#### Work order:
Look at every line of the material and count the ones holding the word "that". The answer is the number only.
*** Data provided ***
lemma deriv_G2_differentiable_at_crit: "deriv (G2 l a M rp rpb) differentiable at x3"
proof -
  have "R x3 > 0" "Delta l a M x3 > 0"
    using R_pos x3_between Delta_crit_pos by auto
  then have "G2_deriv differentiable at x3"
    unfolding G2_deriv_def
    using has_real_derivative_level_quot has_real_derivative_Delta l_nonzero
    by (intro derivative_intros differentiable_divide differentiable_mult;
        force simp: real_differentiable_def intro: DERIV_chain2[OF DERIV_real_sqrt])
  then obtain D where "(G2_deriv has_real_derivative D) (at x3)"
    unfolding real_differentiable_def by blast
  then have "(deriv (G2 l a M rp rpb) has_real_derivative D) (at x3)"
    by (rule has_field_derivative_transform_within_open[where S = "{rp<..<rpb}"])
      (use x3_between deriv_G2 in auto)
  then show ?thesis
    unfolding real_differentiable_def by blast
qed

definition phi :: "real \<Rightarrow> real" where
  "phi r = 2*Xi l a*r*(r - x1)*(r - x2) / sqrt (R r)"

lemma V_G2'_over_g1_eq:
  assumes "rp < r" "r < rpb"
  shows "2 * V_axi l a M r * G2' l a M rp rpb r / g1 l a M r = phi r * (r^2 + a^2) / (r * Delta l a M r)"
proof -
  have simplify: "2*(A^2/D) * ((X*A*q/(sR*D * sD)) * D/A) / (A/sD) = (2*X*r*q/sR) * A/(r*D)"
    if "A > 0" "D > 0" "sD > 0" "sR > 0" "r > 0" for A D sD sR X q :: real
    using that by (simp add: field_simps power2_eq_square)
  have "0 < r" "0 < r^2 + a^2" "Delta l a M r > 0" "sqrt (Delta l a M r) > 0" "sqrt (R r) > 0"
    using assms root_order sum_sq_pos[of r a] Delta_pos R_pos by auto
  from simplify[OF this(2,3,4,5,1), of "Xi l a" "(r - x1)*(r - x2)"] show ?thesis
    unfolding G2'_def deriv_G2[OF assms] G2_deriv_def phi_def V_axi_def[of l a M r] g1_def
    by (simp add: mult.assoc)
qed

lemma phi_pos:
  assumes "rp \<le> r" "r \<le> rpb"
  shows "phi r > 0"
proof -
  have "0 < 2*r*(Xi l a*(r - x1)*(r - x2))"
    using assms outer_factors_pos[of r] root_order by simp
  then show ?thesis
    unfolding phi_def using R_pos[OF assms] by (simp add: ac_simps)
qed

lemma continuous_on_phi: "continuous_on {rp..rpb} phi"
proof (intro continuous_at_imp_continuous_on ballI)
  fix r assume "r \<in> {rp..rpb}"
  then have "R r > 0"
    using R_pos by simp
  moreover have "isCont R r"
    using has_real_derivative_level_quot[OF l_nonzero] by (rule DERIV_isCont)
  ultimately show "isCont phi r"
    unfolding phi_def by (intro continuous_intros) auto
qed

lemma phi_lower_bound: "\<exists>b>0. \<forall>r\<in>{rp..rpb}. b \<le> phi r"
proof -
  obtain r0 where "r0 \<in> {rp..rpb}" "\<And>r. r \<in> {rp..rpb} \<Longrightarrow> phi r0 \<le> phi r"
    using continuous_attains_inf[OF compact_Icc _ continuous_on_phi] root_order by auto
  then show ?thesis
    using phi_pos by (intro exI[of _ "phi r0"]) auto
qed

lemma V_G2'_over_g1_lower_bound:
  "\<exists>b>0. \<forall>r\<in>{rp<..<rpb}.
     2 * V_axi l a M r * G2' l a M rp rpb r / g1 l a M r \<ge> b * (r^2 + a^2) / (r * Delta l a M r)"
proof -
  obtain b where "b > 0" and b: "\<And>r. r \<in> {rp..rpb} \<Longrightarrow> b \<le> phi r"
    using phi_lower_bound by auto
  have "b * (r^2 + a^2) / (r * Delta l a M r) \<le> phi r * (r^2 + a^2) / (r * Delta l a M r)"
    if "rp < r" "r < rpb" for r
    using that b[of r] root_order Delta_pos[of r]
    by (intro divide_right_mono mult_right_mono) auto
  then show ?thesis
    using \<open>b > 0\<close> V_G2'_over_g1_eq by auto
qed

lemma G2_differentiable: "rp < r \<Longrightarrow> r < rpb \<Longrightarrow> G2 l a M rp rpb differentiable at r"
  using has_real_derivative_G2 unfolding real_differentiable_def by blast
*** End of Data provided ***
#### Answer to this task:
2